▶ **TASK INPUTS**
lemma stabilizer_form_modulus:
  assumes "stabilizer_form v"
  obtains m where "\<And>x. x < 16 \<Longrightarrow> v x \<noteq> 0 \<Longrightarrow> cmod (v x) = m"
proof -
  obtain A f c where v: "\<And>x. x < 16 \<Longrightarrow> v x = (if x \<in> A then c * \<i> powi f x else 0)"
    using assms by (auto simp: stabilizer_form_def)
  have "cmod (v x) = cmod c" if "x < 16" "v x \<noteq> 0" for x
    using that v[OF that(1)] by (auto simp: norm_mult norm_power_int)
  then show ?thesis by (rule that)
qed

lemma stabilizer_form_support_xor:
  assumes "stabilizer_form v" "x < 16" "y < 16" "z < 16" "v x \<noteq> 0" "v y \<noteq> 0" "v z \<noteq> 0"
  shows "v (x XOR y XOR z) \<noteq> 0"
proof -
  obtain A f c where A: "xor_affine A"
    and v: "\<And>x. x < 16 \<Longrightarrow> v x = (if x \<in> A then c * \<i> powi f x else 0)"
    using assms(1) by (auto simp: stabilizer_form_def)
  have "v x \<noteq> 0 \<longleftrightarrow> x \<in> A \<and> c \<noteq> 0" if "x < 16" for x
    using v[OF that] by auto
  then show ?thesis
    using assms(2-) xor_affineD[OF A] by (simp add: xor_less_16)
qed

section \<open>Two witnesses that are nonnegative on stabilizer states\<close>

lemma flat_sum_bounds:
  fixes v :: "nat \<Rightarrow> complex" and m :: real
  assumes X: "finite X" and flat: "\<And>x. x \<in> X \<Longrightarrow> v x \<noteq> 0 \<Longrightarrow> cmod (v x) = m"
  defines "N \<equiv> {x \<in> X. v x \<noteq> 0}"
  shows "(cmod (\<Sum>x\<in>X. v x))\<^sup>2 \<le> (card N * m)\<^sup>2"
    and "(\<Sum>x\<in>X. (cmod (v x))\<^sup>2) = card N * m\<^sup>2"
proof -
  have N: "finite N" "N \<subseteq> X" using X by (auto simp: N_def)
  have "(\<Sum>x\<in>X. v x) = (\<Sum>x\<in>N. v x)"
    using N by (intro sum.mono_neutral_right) (auto simp: N_def X)
  then have "cmod (\<Sum>x\<in>X. v x) \<le> (\<Sum>x\<in>N. cmod (v x))"
    by (simp add: norm_sum)
  also have "\<dots> = card N * m"
    using flat by (simp add: N_def)
  finally show "(cmod (\<Sum>x\<in>X. v x))\<^sup>2 \<le> (card N * m)\<^sup>2"
    by (simp add: power_mono)
  have "(\<Sum>x\<in>X. (cmod (v x))\<^sup>2) = (\<Sum>x\<in>N. (cmod (v x))\<^sup>2)"
    using N by (intro sum.mono_neutral_right) (auto simp: N_def X)
  also have "\<dots> = card N * m\<^sup>2"
    using flat by (simp add: N_def)
  finally show "(\<Sum>x\<in>X. (cmod (v x))\<^sup>2) = card N * m\<^sup>2" .
qed
(* In the setting described in the context (not-so-bad trader), the following hold: (i) $pnl=(\mathcal{Q}+J^sq+(1-J^s)Q)^{\theta}_{(0)}-(\mathcal{P}^{nsb}+J^sP^{bad}+(1-J^s)P^{nsb})^{\theta}_{(0)}-h$; (ii) $\mathrm{HVA}=\big(J^s(q-Q-(P^{bad}-P^{nsb}))\big)^{\theta}+D+va(K^\theta)$, where $D_t=\mathbb{E}_t\big[J^s_\theta\big(Q_\theta-(P^{nsb}_\theta-P^{bad}_\theta)\big)\big]$ and $va(K^\theta)_t=\mathcal{Q}_{t\wedge\theta}+Q_{t\wedge\theta}-\mathbb{E}_t[\mathcal{Q}_\theta+Q_\theta]$; (iii) $\mathrm{HVA}_0=q_0-\mathbb{E}_0[\mathcal{Q}_\theta]-(p_0-P^{nsb}_0)-\mathbb{E}_0\big[J^s_\theta(P^{nsb}_\theta-p_\theta)\big]$; (iv) $-pnl+(\mathrm{HVA}-\mathrm{HVA}_0)=-(\mathcal{Q}+Q)^{\theta}_{(0)}+(\mathcal{P}^{nsb}+P^{nsb})^{\theta}_{(0)}+h+D_{(0)}+va(K^\theta)_{(0)}$.
   Context: Let $(\Omega,\mathcal{A},\mathbb{Q})$ be a probability space with a filtration $\mathfrak{F}=(\mathfrak{F}_t)_{0\le t\le T}$ satisfying the usual conditions; $\mathbb{E}_t$ is conditional expectation given $\mathfrak{F}_t$. All processes are adapted, càdlàg, and integrable enough for the conditional expectations to exist. For an integrable adapted process $X$, $va(X)_t=\mathbb{E}_t[X_T-X_t]$. A cash flow is an optional integrable process $\mathcal{Y}$ with $\mathcal{Y}_0=0$; its fair callable value is $\widetilde{va}(\mathcal{Y})_t=\sup_{\tau\in\mathcal{T}^t}\mathbb{E}_t[\mathcal{Y}_\tau-\mathcal{Y}_t]$, $\mathcal{T}^t$ the set of $[t,T]$-valued stopping times. Notation: $X_{(0)}=X-X_0$; $X^\theta$ is $X$ stopped at $\theta$. Data: a cash flow $\mathcal{Q}$ (callable asset) with $Q=\widetilde{va}(\mathcal{Q})$; $K$ is the drift of $\mathcal{Q}+Q$ (unique nondecreasing integrable predictable process with $K_0=0$ such that $\mathcal{Q}+Q+K$ is a martingale on $[0,T]$); a semimartingale $q$ with $q_T=0$ (trader's model price of the asset); a semimartingale $p$ (trader's price of his current static hedge); a model switch stopping time $\tau_s\in(0,T]$; $J^s=\mathbf{1}_{[0,\tau_s)}$. Hedging cash flows $\mathcal{P}^{bad}$ (hedge held before $\tau_s$) and $\mathcal{P}^{good}$ (hedge prescribed by the fair model), with $P^{bad}=va(\mathcal{P}^{bad})$, and $p_t=P^{bad}_t$ for $t<\tau_s$. The exit time is $\theta=\theta_\star\mathbf{1}_{\theta_\star<\tau_s}+\tau_\star\mathbf{1}_{\theta_\star=\tau_s}$, where $\theta_\star\le\tau_s$ is the stopping time at which the trader calls according to his (recalibrated) model if before $\tau_s$, and $\tau_\star$ is the optimal call time in the fair valuation model from $\tau_s$ onward; $J^e=\mathbf{1}_{[0,\theta)}$. The asset is always called with zero value in the model used at call time: $J^s_\theta q_\theta+(1-J^s_\theta)Q_\theta=0$. The hedging cash flow is $$\mathcal{P}^{nsb}=(\mathcal{P}^{bad})^{\tau_s}+(1-J^s)J^s_\theta(\mathcal{P}^{bad}-\mathcal{P}^{bad}_{\tau_s})+(1-J^s)(1-J^s_\theta)(\mathcal{P}^{good}-\mathcal{P}^{good}_{\tau_s}),$$ with fair value $P^{nsb}=va(\mathcal{P}^{nsb})$. $h$ is a martingale with $h=h^\theta$. The profit and loss is $$pnl=(\mathcal{Q}+J^sq+(1-J^s)Q)^{\theta}_{(0)}-(\mathcal{P}^{nsb}+J^sp+(1-J^s)P^{nsb})^{\theta}_{(0)}-h-(1-J^e)\big(J^s_\theta q_\theta+(1-J^s_\theta)Q_\theta\big),$$ and $\mathrm{HVA}=-va(pnl)$. *)

theory Defs
  imports "HOL-Probability.Probability"
begin

text \<open>Processes are maps
  real \<Rightarrow> 'a \<Rightarrow> real (time first), random times are maps 'a \<Rightarrow> real,
  the filtration is F :: real \<Rightarrow> 'a measure (only used on [0,T]).\<close>

definition cexp :: "'a measure \<Rightarrow> (real \<Rightarrow> 'a measure) \<Rightarrow> real \<Rightarrow> ('a \<Rightarrow> real) \<Rightarrow> 'a \<Rightarrow> real" where
  "cexp M F t f = real_cond_exp M (F t) f"

definition va :: "'a measure \<Rightarrow> (real \<Rightarrow> 'a measure) \<Rightarrow> real \<Rightarrow> (real \<Rightarrow> 'a \<Rightarrow> real) \<Rightarrow> real \<Rightarrow> 'a \<Rightarrow> real" where
  "va M F T X t = cexp M F t (\<lambda>\<omega>. X T \<omega> - X t \<omega>)"

definition usual_filtration :: "'a measure \<Rightarrow> (real \<Rightarrow> 'a measure) \<Rightarrow> real \<Rightarrow> bool" where
  "usual_filtration M F T \<longleftrightarrow>
     (\<forall>t\<in>{0..T}. subalgebra M (F t)) \<and>
     (\<forall>s t. 0 \<le> s \<longrightarrow> s \<le> t \<longrightarrow> t \<le> T \<longrightarrow> sets (F s) \<subseteq> sets (F t)) \<and>
     (\<forall>t\<in>{0..<T}. sets (F t) = (\<Inter>s\<in>{t<..T}. sets (F s))) \<and>
     (\<forall>N\<in>sets M. measure M N = 0 \<longrightarrow> (\<forall>B. B \<subseteq> N \<longrightarrow> B \<in> sets (F 0)))"

definition stopping_time_on :: "'a measure \<Rightarrow> (real \<Rightarrow> 'a measure) \<Rightarrow> real \<Rightarrow> ('a \<Rightarrow> real) \<Rightarrow> bool" where
  "stopping_time_on M F T \<sigma> \<longleftrightarrow>
     (\<forall>\<omega>\<in>space M. \<sigma> \<omega> \<in> {0..T}) \<and>
     (\<forall>t\<in>{0..T}. {\<omega>\<in>space M. \<sigma> \<omega> \<le> t} \<in> sets (F t))"

definition stopped_sigma :: "'a measure \<Rightarrow> (real \<Rightarrow> 'a measure) \<Rightarrow> real \<Rightarrow> ('a \<Rightarrow> real) \<Rightarrow> 'a measure" where
  "stopped_sigma M F T \<sigma> = sigma (space M)
     {A \<in> sets M. \<forall>t\<in>{0..T}. A \<inter> {\<omega>\<in>space M. \<sigma> \<omega> \<le> t} \<in> sets (F t)}"

definition adapted :: "'a measure \<Rightarrow> (real \<Rightarrow> 'a measure) \<Rightarrow> real \<Rightarrow> (real \<Rightarrow> 'a \<Rightarrow> real) \<Rightarrow> bool" where
  "adapted M F T X \<longleftrightarrow> (\<forall>t\<in>{0..T}. X t \<in> borel_measurable (F t))"

definition cadlag_on :: "real \<Rightarrow> (real \<Rightarrow> real) \<Rightarrow> bool" where
  "cadlag_on T f \<longleftrightarrow> (\<forall>t\<in>{0..<T}. (f \<longlongrightarrow> f t) (at_right t)) \<and>
                       (\<forall>t\<in>{0<..T}. \<exists>l. (f \<longlongrightarrow> l) (at_left t))"

definition cadlag_process :: "'a measure \<Rightarrow> real \<Rightarrow> (real \<Rightarrow> 'a \<Rightarrow> real) \<Rightarrow> bool" where
  "cadlag_process M T X \<longleftrightarrow> (\<forall>\<omega>\<in>space M. cadlag_on T (\<lambda>t. X t \<omega>))"

text \<open>standing assumption: integrable enough for the conditional expectations to exist\<close>
definition integrable_at_stopping :: "'a measure \<Rightarrow> (real \<Rightarrow> 'a measure) \<Rightarrow> real \<Rightarrow> (real \<Rightarrow> 'a \<Rightarrow> real) \<Rightarrow> bool" where
  "integrable_at_stopping M F T X \<longleftrightarrow>
     (\<forall>\<sigma>. stopping_time_on M F T \<sigma> \<longrightarrow> integrable M (\<lambda>\<omega>. X (\<sigma> \<omega>) \<omega>))"

definition regular_process :: "'a measure \<Rightarrow> (real \<Rightarrow> 'a measure) \<Rightarrow> real \<Rightarrow> (real \<Rightarrow> 'a \<Rightarrow> real) \<Rightarrow> bool" where
  "regular_process M F T X \<longleftrightarrow> adapted M F T X \<and> cadlag_process M T X \<and> integrable_at_stopping M F T X"

definition martingale_on :: "'a measure \<Rightarrow> (real \<Rightarrow> 'a measure) \<Rightarrow> real \<Rightarrow> (real \<Rightarrow> 'a \<Rightarrow> real) \<Rightarrow> bool" where
  "martingale_on M F T X \<longleftrightarrow> adapted M F T X \<and> (\<forall>t\<in>{0..T}. integrable M (X t)) \<and>
     (\<forall>s t. 0 \<le> s \<longrightarrow> s \<le> t \<longrightarrow> t \<le> T \<longrightarrow> (AE \<omega> in M. cexp M F s (X t) \<omega> = X s \<omega>))"

definition local_martingale_on :: "'a measure \<Rightarrow> (real \<Rightarrow> 'a measure) \<Rightarrow> real \<Rightarrow> (real \<Rightarrow> 'a \<Rightarrow> real) \<Rightarrow> bool" where
  "local_martingale_on M F T X \<longleftrightarrow> (\<exists>\<sigma> :: nat \<Rightarrow> 'a \<Rightarrow> real.
     (\<forall>n. stopping_time_on M F T (\<sigma> n)) \<and>
     (\<forall>n. \<forall>\<omega>\<in>space M. \<sigma> n \<omega> \<le> \<sigma> (Suc n) \<omega>) \<and>
     (AE \<omega> in M. \<exists>n. \<sigma> n \<omega> = T) \<and>
     (\<forall>n. martingale_on M F T (\<lambda>t \<omega>. X (min t (\<sigma> n \<omega>)) \<omega>)))"

definition bounded_variation_on :: "real \<Rightarrow> (real \<Rightarrow> real) \<Rightarrow> bool" where
  "bounded_variation_on T f \<longleftrightarrow> (\<exists>B. \<forall>ts. sorted ts \<longrightarrow> set ts \<subseteq> {0..T} \<longrightarrow>
     (\<Sum>i<length ts - 1. \<bar>f (ts ! Suc i) - f (ts ! i)\<bar>) \<le> B)"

▶ **REQUIREMENT**
Could you return exactly the stretch of the data above that starts at the line with "T \<sigma> \<longleftrightarrow>" and ends at the line with "X \<and> cadlag_process", both lines included?

▶ **RESULT**
  "stopping_time_on M F T \<sigma> \<longleftrightarrow>
     (\<forall>\<omega>\<in>space M. \<sigma> \<omega> \<in> {0..T}) \<and>
     (\<forall>t\<in>{0..T}. {\<omega>\<in>space M. \<sigma> \<omega> \<le> t} \<in> sets (F t))"

definition stopped_sigma :: "'a measure \<Rightarrow> (real \<Rightarrow> 'a measure) \<Rightarrow> real \<Rightarrow> ('a \<Rightarrow> real) \<Rightarrow> 'a measure" where
  "stopped_sigma M F T \<sigma> = sigma (space M)
     {A \<in> sets M. \<forall>t\<in>{0..T}. A \<inter> {\<omega>\<in>space M. \<sigma> \<omega> \<le> t} \<in> sets (F t)}"

definition adapted :: "'a measure \<Rightarrow> (real \<Rightarrow> 'a measure) \<Rightarrow> real \<Rightarrow> (real \<Rightarrow> 'a \<Rightarrow> real) \<Rightarrow> bool" where
  "adapted M F T X \<longleftrightarrow> (\<forall>t\<in>{0..T}. X t \<in> borel_measurable (F t))"

definition cadlag_on :: "real \<Rightarrow> (real \<Rightarrow> real) \<Rightarrow> bool" where
  "cadlag_on T f \<longleftrightarrow> (\<forall>t\<in>{0..<T}. (f \<longlongrightarrow> f t) (at_right t)) \<and>
                       (\<forall>t\<in>{0<..T}. \<exists>l. (f \<longlongrightarrow> l) (at_left t))"

definition cadlag_process :: "'a measure \<Rightarrow> real \<Rightarrow> (real \<Rightarrow> 'a \<Rightarrow> real) \<Rightarrow> bool" where
  "cadlag_process M T X \<longleftrightarrow> (\<forall>\<omega>\<in>space M. cadlag_on T (\<lambda>t. X t \<omega>))"

text \<open>standing assumption: integrable enough for the conditional expectations to exist\<close>
definition integrable_at_stopping :: "'a measure \<Rightarrow> (real \<Rightarrow> 'a measure) \<Rightarrow> real \<Rightarrow> (real \<Rightarrow> 'a \<Rightarrow> real) \<Rightarrow> bool" where
  "integrable_at_stopping M F T X \<longleftrightarrow>
     (\<forall>\<sigma>. stopping_time_on M F T \<sigma> \<longrightarrow> integrable M (\<lambda>\<omega>. X (\<sigma> \<omega>) \<omega>))"

definition regular_process :: "'a measure \<Rightarrow> (real \<Rightarrow> 'a measure) \<Rightarrow> real \<Rightarrow> (real \<Rightarrow> 'a \<Rightarrow> real) \<Rightarrow> bool" where
  "regular_process M F T X \<longleftrightarrow> adapted M F T X \<and> cadlag_process M T X \<and> integrable_at_stopping M F T X"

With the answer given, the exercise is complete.